Data for review »
···
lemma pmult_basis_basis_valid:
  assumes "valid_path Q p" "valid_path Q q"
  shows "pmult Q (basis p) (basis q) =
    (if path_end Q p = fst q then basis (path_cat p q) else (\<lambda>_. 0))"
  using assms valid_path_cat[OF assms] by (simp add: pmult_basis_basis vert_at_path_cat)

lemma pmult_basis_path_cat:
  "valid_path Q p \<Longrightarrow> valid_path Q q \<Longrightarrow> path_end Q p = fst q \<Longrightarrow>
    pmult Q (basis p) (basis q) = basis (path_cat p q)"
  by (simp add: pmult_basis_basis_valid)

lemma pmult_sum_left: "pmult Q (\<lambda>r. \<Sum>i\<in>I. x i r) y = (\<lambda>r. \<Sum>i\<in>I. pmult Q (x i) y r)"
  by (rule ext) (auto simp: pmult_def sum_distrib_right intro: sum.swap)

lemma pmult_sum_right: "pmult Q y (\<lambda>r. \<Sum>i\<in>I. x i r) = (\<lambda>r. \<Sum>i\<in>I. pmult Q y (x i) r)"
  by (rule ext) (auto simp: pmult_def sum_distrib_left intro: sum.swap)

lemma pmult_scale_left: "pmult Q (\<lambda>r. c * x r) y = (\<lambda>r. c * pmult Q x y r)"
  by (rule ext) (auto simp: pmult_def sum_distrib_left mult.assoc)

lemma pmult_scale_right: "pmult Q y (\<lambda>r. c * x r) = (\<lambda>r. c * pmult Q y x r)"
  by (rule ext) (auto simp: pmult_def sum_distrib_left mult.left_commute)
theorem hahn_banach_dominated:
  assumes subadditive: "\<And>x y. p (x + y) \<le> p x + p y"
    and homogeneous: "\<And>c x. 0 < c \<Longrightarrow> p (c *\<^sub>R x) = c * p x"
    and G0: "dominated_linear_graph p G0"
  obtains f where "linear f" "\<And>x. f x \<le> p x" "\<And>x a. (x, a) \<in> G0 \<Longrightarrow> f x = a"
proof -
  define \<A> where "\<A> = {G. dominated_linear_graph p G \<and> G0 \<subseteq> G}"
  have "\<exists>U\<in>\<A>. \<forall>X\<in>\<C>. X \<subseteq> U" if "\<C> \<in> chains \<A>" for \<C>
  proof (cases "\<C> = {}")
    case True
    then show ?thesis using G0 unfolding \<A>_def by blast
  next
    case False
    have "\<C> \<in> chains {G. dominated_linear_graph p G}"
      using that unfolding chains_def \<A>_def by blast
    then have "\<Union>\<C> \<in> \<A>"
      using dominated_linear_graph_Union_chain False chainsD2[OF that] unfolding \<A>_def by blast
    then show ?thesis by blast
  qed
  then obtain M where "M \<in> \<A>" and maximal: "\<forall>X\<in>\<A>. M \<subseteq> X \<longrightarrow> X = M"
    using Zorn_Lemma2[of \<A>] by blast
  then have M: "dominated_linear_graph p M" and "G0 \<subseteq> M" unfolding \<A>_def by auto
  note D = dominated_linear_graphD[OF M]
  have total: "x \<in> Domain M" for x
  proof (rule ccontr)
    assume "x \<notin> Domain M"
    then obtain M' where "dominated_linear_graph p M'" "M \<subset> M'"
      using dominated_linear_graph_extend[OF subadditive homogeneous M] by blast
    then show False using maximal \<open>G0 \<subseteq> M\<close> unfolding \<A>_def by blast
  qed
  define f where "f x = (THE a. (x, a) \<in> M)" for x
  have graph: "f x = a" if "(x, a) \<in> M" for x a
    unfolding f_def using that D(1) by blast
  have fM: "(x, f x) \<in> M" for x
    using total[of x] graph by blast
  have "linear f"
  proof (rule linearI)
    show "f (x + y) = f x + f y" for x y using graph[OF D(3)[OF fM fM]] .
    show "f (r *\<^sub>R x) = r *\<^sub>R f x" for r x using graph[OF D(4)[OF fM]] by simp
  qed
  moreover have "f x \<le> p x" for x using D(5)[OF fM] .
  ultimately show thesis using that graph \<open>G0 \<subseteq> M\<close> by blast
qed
···
What the task requires »
Return, with nothing added or dropped, the line containing "then show False" and every line after it to the end of the listing above.

Finished exercise »
    then show False using maximal \<open>G0 \<subseteq> M\<close> unfolding \<A>_def by blast
  qed
  define f where "f x = (THE a. (x, a) \<in> M)" for x
  have graph: "f x = a" if "(x, a) \<in> M" for x a
    unfolding f_def using that D(1) by blast
  have fM: "(x, f x) \<in> M" for x
    using total[of x] graph by blast
  have "linear f"
  proof (rule linearI)
    show "f (x + y) = f x + f y" for x y using graph[OF D(3)[OF fM fM]] .
    show "f (r *\<^sub>R x) = r *\<^sub>R f x" for r x using graph[OF D(4)[OF fM]] by simp
  qed
  moreover have "f x \<le> p x" for x using D(5)[OF fM] .
  ultimately show thesis using that graph \<open>G0 \<subseteq> M\<close> by blast
qed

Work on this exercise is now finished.